Key debates and quoted remarks
Board members spent substantial time debating how narrowly to write minimum qualifications so the district could both broaden the applicant pool and ensure incoming counsel had education- and student-law experience. Ms. Batista, the district’s current general counsel, told the board: “Student rights, FERPA, ESE and contract review are the areas that we have the most volume in our office.”
Board member Mr. Severo pressed for high standards during the search: “I want the best. I want the brightest,” he said, arguing the district should not lower standards to expand the applicant pool.
Several board members argued for broader minimum qualifications as a way to cast a wider net and rely on the screening process to sort candidates; others favored keeping education/school-law explicitly in the minimum to ensure coverage of ESE and FERPA matters.
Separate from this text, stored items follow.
lemma card_low_exps: "card low_exps = 1 + m + m * (m + 1) div 2"
proof -
  have "card lin_exps = m"
    unfolding lin_exps_def using q_gt_2 by (subst card_image) (auto intro: inj_onI)
  moreover have "card quad_exps = card {(j, k). j \<le> k \<and> k < m}"
    unfolding quad_exps_def
    by (intro card_image inj_onI) (auto dest: power_add_power_inj[OF q_gt_2])
  moreover have "lin_exps \<inter> quad_exps = {}"
    unfolding lin_exps_def quad_exps_def using power_neq_power_add_power[OF q_gt_2] by auto
  moreover have "finite lin_exps" "finite quad_exps"
    using finite_low_exps unfolding low_exps_def by auto
  ultimately show ?thesis
    unfolding low_exps_def using zero_notin_lin_quad by (simp add: card_Un_disjoint card_pairs_le)
qed

lemma coprime_q_n: "coprime q n"
proof (rule coprimeI)
  fix d assume d: "d dvd q" "d dvd n"
  have "q dvd Suc n" using m_pos power_m_eq by (metis dvd_power)
  hence "d dvd n + 1" using d(1) dvd_trans by auto
  thus "is_unit d" using d(2) dvd_add_right_iff[of d n 1] by simp
qed

text \<open>Multiplication by \<open>q\<close> modulo \<open>n = q ^ m - 1\<close> rotates the base-\<open>q\<close> digits of an
  exponent cyclically.\<close>

definition frob_shift :: "nat \<Rightarrow> nat" where
  "frob_shift t = (t * q) mod n"

lemma power_mod_n: "q ^ j mod n = q ^ (j mod m)"
  using power_mod_power_minus_1[of q j m] power_less_n[of "j mod m"] q_gt_2 m_pos n_eq by simp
Process notes and next steps
Staff described two main recruitment paths: an internal search run by the district’s talent-acquisition team (lower direct cost; staff estimates advertising costs of roughly $5,000–$8,000 if additional marketing is requested) and an external executive search (industry fee typically 20–35% of first-year salary; some firms will accept flat-rate searches but procurement requirements could affect timing and cost). The board asked HR to begin internal outreach immediately and to report application totals and high-level screening results at the Nov. 12 board meeting.
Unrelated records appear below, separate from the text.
(* Let $p$ be a prime such that $2^p-1$ is a (Mersenne) prime. Then $2^{p-1}(2^p-1)$ is the only even perfect number which is $3(2p-1)$-$T_0T^\ast$-perfect.
   Context: A perfect number is a positive integer $N$ with $\sigma(N)=2N$. For a positive integer $m$, $T(m)$ denotes the product of all positive divisors of $m$, and $T^\ast(m)$ the product of all unitary divisors of $m$ (divisors $d$ with $\gcd(d,m/d)=1$). For an integer $K\ge 2$, an integer $n>1$ is called $K$-$T_0T^\ast$-perfect if $T(T^\ast(n))=n^K$. *)

theory Defs
  imports "HOL-Computational_Algebra.Primes"
begin

definition sigma :: "nat \<Rightarrow> nat" where
  "sigma n = (\<Sum>d\<in>{d. d dvd n}. d)"

definition perfect :: "nat \<Rightarrow> bool" where
  "perfect N \<longleftrightarrow> N > 0 \<and> sigma N = 2 * N"

text \<open>T(m): product of all positive divisors of m.\<close>
definition divisor_prod :: "nat \<Rightarrow> nat" where
  "divisor_prod m = (\<Prod>d\<in>{d. d dvd m}. d)"

text \<open>T*(m): product of all unitary divisors of m.\<close>
definition unitary_divisor_prod :: "nat \<Rightarrow> nat" where
  "unitary_divisor_prod m = (\<Prod>d\<in>{d. d dvd m \<and> coprime d (m div d)}. d)"

definition K_T0Tstar_perfect :: "nat \<Rightarrow> nat \<Rightarrow> bool" where
  "K_T0Tstar_perfect K n \<longleftrightarrow> K \<ge> 2 \<and> n > 1 \<and>
     divisor_prod (unitary_divisor_prod n) = n ^ K"

end

theory Submission
  imports Defs
begin

text \<open>
  By the Euclid--Euler theorem the even perfect numbers are the numbers \<open>2^(q-1) * (2^q - 1)\<close>
  with \<open>2^q - 1\<close> prime. For \<open>N = p^k * r\<close> with distinct primes \<open>p, r\<close> and \<open>k \<ge> 1\<close> the unitary
  divisors are \<open>1, p^k, r, N\<close>, so \<open>T*(N) = N^2\<close>; this square has \<open>3(2k+1)\<close> divisors, and
  \<open>T(m)^2 = m^\<tau>(m)\<close> gives \<open>T(N^2) = N^(3(2k+1))\<close>. Hence the even perfect number belonging to \<open>q\<close>
  is \<open>K\<close>-\<open>T\<^sub>0T*\<close>-perfect exactly for \<open>K = 3(2q - 1)\<close>, which singles out \<open>q = p\<close>.
\<close>

lemma divisors_prime_power_mult:
  fixes p m :: nat
  assumes "prime p" "\<not> p dvd m"
  shows "{d. d dvd p ^ k * m} = (\<lambda>(i, d). p ^ i * d) ` ({..k} \<times> {d. d dvd m})"
proof (intro set_eqI iffI)
  fix x assume "x \<in> {d. d dvd p ^ k * m}"
  then obtain b c where "x = b * c" "b dvd p ^ k" "c dvd m"
    using division_decomp by blast
  moreover from \<open>b dvd p ^ k\<close> obtain i where "i \<le> k" "b = p ^ i"
    using divides_primepow_nat[OF assms(1)] by auto
  ultimately show "x \<in> (\<lambda>(i, d). p ^ i * d) ` ({..k} \<times> {d. d dvd m})" by force
next
  fix x assume "x \<in> (\<lambda>(i, d). p ^ i * d) ` ({..k} \<times> {d. d dvd m})"
  then obtain i d where "x = p ^ i * d" "i \<le> k" "d dvd m" by auto
  then show "x \<in> {d. d dvd p ^ k * m}" by (simp add: le_imp_power_dvd mult_dvd_mono)
qed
If the internal pool is judged insufficient at that Nov. 12 update, the board will consider an external search; the Legal Services Committee will meet (publicly noticed) to review and recommend finalists to the full board. Applications will include a standard application and a cover letter addressing candidate background; the board rejected requiring an initial video and instead asked for cover letters in the application packet.
Votes at a glance (recorded in the meeting transcript)
- Replace minimum “education/school law” language with 10 years’ experience and litigation experience in two or more specified areas: passed by roll call, 7–2. - Add “experience with education and/or school law” to preferred qualifications: passed by roll call, 6–3. - Add “knowledge of parliamentary procedures” (certification preferred) to preferred qualifications: passed unanimously. - Begin internal search and report back to board on Nov. 12: passed unanimously. - Legal Services Committee to evaluate and recommend finalists; appoint Board Member Leonardi as committee chair: passed (Leonardi appointed by board vote). - Adopt final amended general counsel job description: passed unanimously.
What the record does not show
The transcript records extensive discussion about specific wording, board certification, and what constitutes “education law” versus “school law,” but it does not include any final candidate names, contract amounts for the general counsel position, or a final decision on an interim appointment. Staff said they have an internal candidate willing to serve as interim, but no interim was formally appointed in the hearing.
The board scheduled the Nov. 12 follow-up to review the applicant pool and to confirm whether an external search is necessary.